RTT reading: Each sitelink = a regime declaration in a different cultural context. High sitelink count = universally recognized concept. Low count = culturally specific or specialized regime. Comparing article lengths across sitelinks reveals cultural regime variance — same concept, different structural emphasis.


Use case: What are the structurally validated reference points in a domain?

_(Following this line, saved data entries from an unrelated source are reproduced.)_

lemma sum_zero_one_eq_card:
  fixes a :: "'a \<Rightarrow> int"
  assumes "finite A" "\<forall>i. a i = 0 \<or> a i = 1"
  shows "(\<Sum>k\<in>A. a k) = int (card {k\<in>A. a k = 1})"
proof -
  have "(\<Sum>k\<in>A. a k) = (\<Sum>k\<in>A. if a k = 1 then 1 else 0)"
    by (rule sum.cong) (use assms in auto)
  also have "\<dots> = int (card {k\<in>A. a k = 1})"
    using assms(1) by (simp add: sum.If_cases Collect_conj_eq Int_commute Collect_mem_eq)
  finally show ?thesis .
qed

lemma sum_fun_upd:
  fixes a :: "'a \<Rightarrow> 'b::ab_group_add"
  assumes "finite A"
  shows "(\<Sum>k\<in>A. (a(p := x)) k) = (\<Sum>k\<in>A. a k) + (if p \<in> A then x - a p else 0)"
proof -
  have "(\<Sum>k\<in>A. (a(p := x)) k) = (\<Sum>k\<in>A. a k + (if k = p then x - a p else 0))"
    by (rule sum.cong) auto
  then show ?thesis using assms by (simp add: sum.distrib)
qed

lemma mult_ceiling_divide_bounds:
  fixes x :: int and s :: nat
  assumes "0 < s"
  shows "x \<le> int s * \<lceil>real_of_int x / real s\<rceil>" "int s * \<lceil>real_of_int x / real s\<rceil> < x + int s"
proof -
  define q where "q = \<lceil>real_of_int x / real s\<rceil>"
  have "real_of_int x / real s \<le> of_int q" "of_int q - 1 < real_of_int x / real s"
    unfolding q_def using ceiling_correct by auto
  then have "real_of_int x \<le> real_of_int (int s * q)" "real_of_int (int s * (q - 1)) < real_of_int x"
    using assms by (simp_all add: pos_divide_le_eq pos_less_divide_eq mult.commute)
  then show "x \<le> int s * q" "int s * q < x + int s"
    unfolding of_int_le_iff of_int_less_iff by (simp_all add: algebra_simps)
qed

lemma finite_window: "finite (window n s t k)"
  unfolding window_def by (rule finite_image_set) simp

lemma push_gt_window: "y \<in> window n s t k \<Longrightarrow> c y < push n s t c k k"
  using Max_ge[OF finite_imageI[OF finite_window], of "c y" c n s t k] unfolding push_def by simp

lemma push_apply_other: "y \<noteq> k \<Longrightarrow> push n s t c k y = c y"
  unfolding push_def by simp

locale block_setting =
  fixes s t m n :: nat and v :: "nat \<Rightarrow> int"
  assumes s_pos: "0 < s" and t_pos: "0 < t" and s_le_t: "s \<le> t" and s_dvd_m: "s dvd m"
    and t_le_m: "t + 2 \<le> m" and n_eq: "n = m ^ 2"
    and v_bounds: "\<forall>j<m. 0 \<le> v j \<and> v j \<le> int t - 1 - int (j mod s)"
    and v_tail: "\<forall>j. int m - int s * (\<lceil>real (t + 2) / real s\<rceil> - 1) \<le> int j \<and> j \<le> m - 1 \<longrightarrow> v j = 0"
begin

text \<open>The ends r(j) and l(j) of the window before reduction mod n, and tail_start = m - z. Since
  n = m^2 > 2m, for cells of the block this reduction only matters when l(j) is negative.\<close>

definition block_end :: "nat \<Rightarrow> nat" where
  "block_end i = s * (i div s) + t - 1"

definition left_end :: "nat \<Rightarrow> int" where
  "left_end k = int s * \<lceil>real_of_int (int k - int t + 1) / real s\<rceil>"

definition tail_start :: int where
  "tail_start = int m - int s * (\<lceil>real (t + 2) / real s\<rceil> - 1)"

abbreviation rp :: "nat \<Rightarrow> nat" where
  "rp \<equiv> rprime m n s t"

lemma three_le_m: "3 \<le> m"
  using t_le_m t_pos by linarith

lemma double_m_less_n: "2 * m < n"
proof -
  have "3 * m \<le> m * m" using three_le_m by simp
  then show ?thesis using n_eq three_le_m by (simp add: power2_eq_square)
qed

lemma int_block_end: "int (block_end i) = int s * \<lfloor>real i / real s\<rfloor> + int t - 1"
  unfolding block_end_def using t_pos by (simp add: floor_divide_of_nat_eq)

lemma block_end_minus: "block_end i - i = t - 1 - i mod s"
  using mult_div_mod_eq[of s i] mod_less_divisor[OF s_pos, of i] s_le_t
  unfolding block_end_def by linarith

lemma le_block_end: "i \<le> block_end i"
  using mult_div_mod_eq[of s i] mod_less_divisor[OF s_pos, of i] s_le_t
  unfolding block_end_def by linarith

lemma block_end_le: "block_end i \<le> i + t - 1"
  unfolding block_end_def using t_pos by (simp add: add.commute le_diff_conv2 minus_mod_eq_mult_div [symmetric])

lemma block_end_le_iff: "block_end i \<le> m - 3 \<longleftrightarrow> int i < tail_start"
proof -
  define q where "q = \<lceil>real (t + 2) / real s\<rceil>"
  obtain M where M: "m = s * M" using s_dvd_m by blast
  define d where "d = i div s"
  have "s * d \<le> i" "i < s * d + s"
    unfolding d_def using mult_div_mod_eq[of s i] mod_less_divisor[OF s_pos, of i] by linarith+
  then have d: "int s * int d \<le> int i" "int i < int s * int d + int s"
    by (simp_all flip: of_nat_mult of_nat_add)
  have "block_end i \<le> m - 3 \<longleftrightarrow> s * d + t + 2 \<le> s * M"
    unfolding block_end_def d_def[symmetric] M[symmetric] using t_pos three_le_m by linarith
  also have "\<dots> \<longleftrightarrow> int t + 2 \<le> int s * (int M - int d)"
    by (subst of_nat_le_iff[symmetric, where 'a=int]) (simp add: algebra_simps)
  also have "\<dots> \<longleftrightarrow> real_of_int (int t + 2) \<le> real_of_int (int s * (int M - int d))"
    by (rule of_int_le_iff[symmetric])
  also have "\<dots> \<longleftrightarrow> real (t + 2) / real s \<le> real_of_int (int M - int d)"
    using s_pos by (simp add: pos_divide_le_eq mult.commute add.commute)
  also have "\<dots> \<longleftrightarrow> q \<le> int M - int d"
    unfolding q_def by (rule ceiling_le_iff[symmetric])
  also have "\<dots> \<longleftrightarrow> int i < int s * (int M - q + 1)"
  proof
    assume "q \<le> int M - int d"
    then have "int s * (int d + 1) \<le> int s * (int M - q + 1)" using s_pos by (intro mult_left_mono) auto
    then show "int i < int s * (int M - q + 1)" using d by (simp add: algebra_simps)
  next
    assume "int i < int s * (int M - q + 1)"
    then have "int s * int d < int s * (int M - q + 1)" using d by linarith
    then show "q \<le> int M - int d" using s_pos by (simp add: mult_less_cancel_left)
  qed
  also have "\<dots> \<longleftrightarrow> int i < tail_start"
    unfolding tail_start_def q_def[symmetric] by (simp add: M algebra_simps)
  finally show ?thesis .
qed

# Find items with Featured Article sitelinks in English Wikipedia
# Filter by domain using instance-of (P31) or subclass-of (P279)
SELECT ?item ?itemLabel ?article
WHERE {
  ?article schema:about ?item .
  ?article schema:isPartOf <https://en.wikipedia.org/> .
  ?article wikibase:badge wd:Q17437796 .
  ?item wdt:P31/wdt:P279* wd:Q11344 .
  SERVICE wikibase:label {
    bd:serviceParam wikibase:language "en" .
  }
}
LIMIT 50

RTT reading: Featured Articles = validation corridor gold standard. These are the concepts whose regime declarations have been community‑verified as structurally complete. They serve as reference templates for the domain.


3.7 — Regime Collision: Find Disambiguation Entities#

Use case: Which concepts have competing regime claims on the same term?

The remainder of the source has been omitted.